Washington: NASA’s Mars rover Curiosity is back in action, after engineers have fixed the software snag which put the robot on a precautionary ‘standby’ mode earlier this week.
“We expect to get back to sample-analysis science by the end of the week,” said Curiosity Mission Manager Jennifer Trosper of NASA’s Jet Propulsion Laboratory (JPL), Pasadena, California.
Curiosity went into a precautionary ‘safe mode’ on March 16, after being sidelined by a computer glitch for the second time in three weeks.
The safe-mode entry was triggered when a command file failed a size-check by the rover’s protective software. Engineers detected a software bug that appended an unrelated file to the file being checked, causing the size mismatch.
Engineers diagnosed the software issue and know how to prevent it from happening again, according to a JPL statement.

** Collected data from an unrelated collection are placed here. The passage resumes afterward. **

lemma gen_subgroup_stabilizes_line:
  assumes X: "\<forall>B\<in>X. B \<in> carrier_mat n n \<and> stabilizes_line B v"
    and v: "v \<in> carrier_vec n" "v \<noteq> 0\<^sub>v n"
    and A: "A \<in> gen_subgroup n X"
  shows "A \<in> carrier_mat n n \<and> stabilizes_line A v"
  using A unfolding stabilizes_line_def
proof (induction rule: gen_subgroup.induct)
  case one
  show ?case using v by (intro conjI exI[of _ 1]) auto
next
  case (gen A)
  then show ?case using X unfolding stabilizes_line_def by blast
next
  case (mult A B)
  from mult.IH obtain c d where A: "A \<in> carrier_mat n n" "A *\<^sub>v v = c \<cdot>\<^sub>v v"
    and B: "B \<in> carrier_mat n n" "B *\<^sub>v v = d \<cdot>\<^sub>v v" by blast
  have "(A * B) *\<^sub>v v = d \<cdot>\<^sub>v (A *\<^sub>v v)" using A B v by (simp add: mult_mat_vec)
  also have "\<dots> = (d * c) \<cdot>\<^sub>v v" using A by (simp add: smult_smult_assoc)
  finally show ?case using A B by auto
next
  case (inv A B)
  from inv.IH obtain c where A: "A \<in> carrier_mat n n" "A *\<^sub>v v = c \<cdot>\<^sub>v v" by blast
  have B: "B \<in> carrier_mat n n" by fact
  have "v = (B * A) *\<^sub>v v"
    using mat_mult_left_right_inverse[OF A(1) B inv.hyps(3)] v by simp
  also have "\<dots> = c \<cdot>\<^sub>v (B *\<^sub>v v)" using A B v by (simp add: mult_mat_vec)
  finally have vc: "v = c \<cdot>\<^sub>v (B *\<^sub>v v)" .
  moreover have "0 \<cdot>\<^sub>v (B *\<^sub>v v) = 0\<^sub>v n" using B by (intro eq_vecI) auto
  ultimately have "c \<noteq> 0" using v(2) by auto
  have "inverse c \<cdot>\<^sub>v v = (inverse c * c) \<cdot>\<^sub>v (B *\<^sub>v v)" by (subst vc) (simp add: smult_smult_assoc)
  with \<open>c \<noteq> 0\<close> have "B *\<^sub>v v = inverse c \<cdot>\<^sub>v v" by simp
  then show ?case using B by blast
qed

definition line_minor :: "nat \<Rightarrow> 'a::field vec \<Rightarrow> nat \<Rightarrow> nat \<Rightarrow> 'a mat \<Rightarrow> 'a" where
  "line_minor n v r p A =
     (\<Sum>b\<in>{0..<n}. A $$ (r, b) * v $ b) * v $ p - (\<Sum>b\<in>{0..<n}. A $$ (p, b) * v $ b) * v $ r"

lemma mat_poly_fun_sum:
  "finite T \<Longrightarrow> \<forall>j\<in>T. f j \<in> mat_poly_fun n \<Longrightarrow> (\<lambda>A. \<Sum>j\<in>T. f j A) \<in> mat_poly_fun n"
proof (induction T rule: finite_induct)
  case empty
  then show ?case using mat_poly_fun.const[of 0 n] by simp
next
  case (insert x F)
  then show ?case using mat_poly_fun.add[of "f x" n "\<lambda>A. \<Sum>j\<in>F. f j A"] by simp
qed

lemma mat_poly_fun_diff:
  assumes "f \<in> mat_poly_fun n" "g \<in> mat_poly_fun n"
  shows "(\<lambda>A. f A - g A) \<in> mat_poly_fun n"
  using mat_poly_fun.add[OF assms(1) mat_poly_fun.mult[OF mat_poly_fun.const assms(2)], of "- 1"]
  by simp

lemma line_minor_poly_fun:
  assumes "r < n" "p < n"
  shows "line_minor n v r p \<in> mat_poly_fun n"
proof -
  have row: "(\<lambda>A. \<Sum>b\<in>{0..<n}. A $$ (q, b) * v $ b) \<in> mat_poly_fun n" if "q < n" for q
    by (rule mat_poly_fun_sum)
      (auto intro!: mat_poly_fun.mult[OF mat_poly_fun.entry mat_poly_fun.const] that)
  show ?thesis unfolding line_minor_def
    by (rule mat_poly_fun_diff; rule mat_poly_fun.mult[OF row mat_poly_fun.const]) (use assms in auto)
qed

lemma line_minor_eq:
  assumes "A \<in> carrier_mat n n" "v \<in> carrier_vec n" "r < n" "p < n"
  shows "line_minor n v r p A = (A *\<^sub>v v) $ r * v $ p - (A *\<^sub>v v) $ p * v $ r"
  unfolding line_minor_def using assms by (simp add: scalar_prod_def)

lemma zariski_dense_stabilizes_line:
  assumes dense: "zariski_dense_in n H G" and G: "G \<subseteq> carrier_mat n n"
    and v: "v \<in> carrier_vec n" "v \<noteq> 0\<^sub>v n"
    and H: "\<forall>A\<in>H. stabilizes_line A v"
    and W: "W \<in> G"
  shows "stabilizes_line W v"
proof -
  from v obtain p where p: "p < n" "v $ p \<noteq> 0" by force
  have Wc: "W \<in> carrier_mat n n" using W G by blast
  have "(W *\<^sub>v v) $ r * v $ p = (W *\<^sub>v v) $ p * v $ r" if r: "r < n" for r
  proof -
    have "line_minor n v r p A = 0" if "A \<in> H" for A
    proof -
      from H that obtain c where "A *\<^sub>v v = c \<cdot>\<^sub>v v" unfolding stabilizes_line_def by blast
      moreover have "A \<in> carrier_mat n n" using dense G that unfolding zariski_dense_in_def by blast
      ultimately show ?thesis using v(1) r p(1) by (simp add: line_minor_eq algebra_simps)
    qed
    then have "line_minor n v r p W = 0"
      using dense line_minor_poly_fun[OF r p(1)] W unfolding zariski_dense_in_def by blast
    then show ?thesis using line_minor_eq[OF Wc v(1) r p(1)] by simp
  qed
  then have "W *\<^sub>v v = ((W *\<^sub>v v) $ p / v $ p) \<cdot>\<^sub>v v"
    using Wc v p by (intro eq_vecI) (auto simp: field_simps)
  then show ?thesis unfolding stabilizes_line_def by blast
qed

lemma not_stabilizes_line_by_coordinates:
  assumes "v \<in> carrier_vec n" "p < n" "r < n" "v $ p \<noteq> 0"
    and "(W *\<^sub>v v) $ p = v $ p" "(W *\<^sub>v v) $ r \<noteq> v $ r"
  shows "\<not> stabilizes_line W v"
proof
  assume "stabilizes_line W v"
  then obtain c where c: "W *\<^sub>v v = c \<cdot>\<^sub>v v" unfolding stabilizes_line_def by blast
  with assms have "c * v $ p = v $ p" by simp
  then have "c = 1" using \<open>v $ p \<noteq> 0\<close> by simp
  with c assms show False by simp
qed

subsection \<open>No classical group stabilizes a line\<close>

lemma addrow_mult_vec:
  fixes x :: "'a::comm_ring_1 vec"
  assumes x: "x \<in> carrier_vec n" and k: "k < n" and l: "l < n"
  shows "addrow_mat n a k l *\<^sub>v x = vec n (\<lambda>i. if i = k then x $ i + a * x $ l else x $ i)"
  using x k l by (intro eq_vecI)
    (auto simp: row_addrow add_scalar_prod_distrib[of _ n] smult_scalar_prod_distrib[of _ n])

lemma addrow_not_stabilizes_line:
  fixes v :: "'a::field vec"
  assumes "v \<in> carrier_vec n" "k < n" "p < n" "k \<noteq> p" "v $ p \<noteq> 0"
  shows "\<not> stabilizes_line (addrow_mat n 1 k p) v"
  using assms by (intro not_stabilizes_line_by_coordinates[of v n p k]) (auto simp: addrow_mult_vec)

lemma addrow_mirror_preserves_symp_form:
  fixes x y :: "'a::field vec"
  assumes n: "even n" and p: "p < n" and x: "x \<in> carrier_vec n" and y: "y \<in> carrier_vec n"
  shows "symp_form n (addrow_mat n a (n - 1 - p) p *\<^sub>v x) (addrow_mat n a (n - 1 - p) p *\<^sub>v y)
    = symp_form n x y"
proof -
  have k: "n - 1 - p < n" using p by simp
  show ?thesis
    unfolding addrow_mult_vec[OF x k p] addrow_mult_vec[OF y k p] symp_form_def
  proof (intro sum.cong refl)
    fix i assume "i \<in> {..<n div 2}"
    then have "i < n" "n - 1 - i < n" "n - 1 - i \<noteq> i"
      "(n - 1 - i = n - 1 - p) = (i = p)" "(i = n - 1 - p) = (n - 1 - i = p)"
      using n p by auto
    then show "vec n (\<lambda>i. if i = n - 1 - p then x $ i + a * x $ p else x $ i) $ i *
          vec n (\<lambda>i. if i = n - 1 - p then y $ i + a * y $ p else y $ i) $ (n - 1 - i) -
          vec n (\<lambda>i. if i = n - 1 - p then x $ i + a * x $ p else x $ i) $ (n - 1 - i) *
          vec n (\<lambda>i. if i = n - 1 - p then y $ i + a * y $ p else y $ i) $ i =
          x $ i * y $ (n - 1 - i) - x $ (n - 1 - i) * y $ i"
      by (auto simp: algebra_simps)
  qed
qed

lemma SL_stabilizes_no_line:
  fixes v :: "'a::field vec"
  assumes n: "n \<ge> 2" and v: "v \<in> carrier_vec n" "v \<noteq> 0\<^sub>v n"
  shows "\<exists>W\<in>classical_group Linear n. \<not> stabilizes_line W v"
proof -
  from v obtain p where p: "p < n" "v $ p \<noteq> 0" by force
  define k where "k = (if p = 0 then 1 else (0::nat))"
  have k: "k < n" "k \<noteq> p" unfolding k_def using n by auto
  have "addrow_mat n 1 k p \<in> classical_group Linear n"
    unfolding classical_group_def using det_addrow_mat[OF k(2)] by simp
  with addrow_not_stabilizes_line[OF v(1) k(1) p(1) k(2) p(2)] show ?thesis by blast
qed

lemma Sp_stabilizes_no_line:
  fixes v :: "'a::field vec"
  assumes n: "even n" and v: "v \<in> carrier_vec n" "v \<noteq> 0\<^sub>v n"
  shows "\<exists>W\<in>classical_group Symplectic n. \<not> stabilizes_line W v"
proof -
  from v obtain p where p: "p < n" "v $ p \<noteq> 0" by force
  have k: "n - 1 - p < n" "n - 1 - p \<noteq> p" using n p by (simp, presburger)
  have "det (addrow_mat n (1::'a) (n - 1 - p) p) = 1" by (rule det_addrow_mat[OF k(2)])
  moreover have "\<forall>x\<in>carrier_vec n. \<forall>y\<in>carrier_vec n. symp_form n (addrow_mat n (1::'a) (n - 1 - p) p *\<^sub>v x)
      (addrow_mat n 1 (n - 1 - p) p *\<^sub>v y) = symp_form n x y"
    using addrow_mirror_preserves_symp_form[OF n p(1)] by blast
  ultimately have "(addrow_mat n 1 (n - 1 - p) p :: 'a mat) \<in> classical_group Symplectic n"
    unfolding classical_group_def by simp
  with addrow_not_stabilizes_line[OF v(1) k(1) p(1) k(2) p(2)] show ?thesis by blast
qed

lemma sum_lower_half_mirror_pair:
  fixes c :: "'a::comm_ring_1" and i n :: nat
  assumes "i < n" "i \<noteq> n - 1 - i"
  shows "(\<Sum>j<n div 2. if j = i \<or> j = n - 1 - i then c else 0) = c"
proof -
  have "(\<Sum>j<n div 2. if j = i \<or> j = n - 1 - i then c else 0) =
        (\<Sum>j<n div 2. if j = min i (n - 1 - i) then c else 0)"
    using assms by (intro sum.cong refl) (auto simp: min_def)
  moreover have "min i (n - 1 - i) < n div 2" using assms by (auto simp: min_def)
  then have "(\<Sum>j<n div 2. if j = min i (n - 1 - i) then c else 0) = c" by simp
  ultimately show ?thesis by simp
qed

Next steps will include checking the rover’s active computer, the B-side computer, by commanding a preliminary free-space move of the arm.
The B-side computer was provided information last week about the position of the robotic arm, which was last moved by the redundant A-side computer.
The rover was switched from the A-side to the B-side by engineers on February 28 in response to a memory glitch on the A-side. The A-side now is available as a back-up if needed.
However, Curiosity only has about two weeks to continue analysing the drill sample it recently collected from a Yellowknife Bay rock, before it is forced to take another break.
Beginning April 4, all commands to the rover will be suspended for four weeks due to solar system geometry of Mars passing nearly directly behind the Sun from Earth’s perspective.
The suspension is a precaution against interference by the Sun corrupting a command sent to the rover.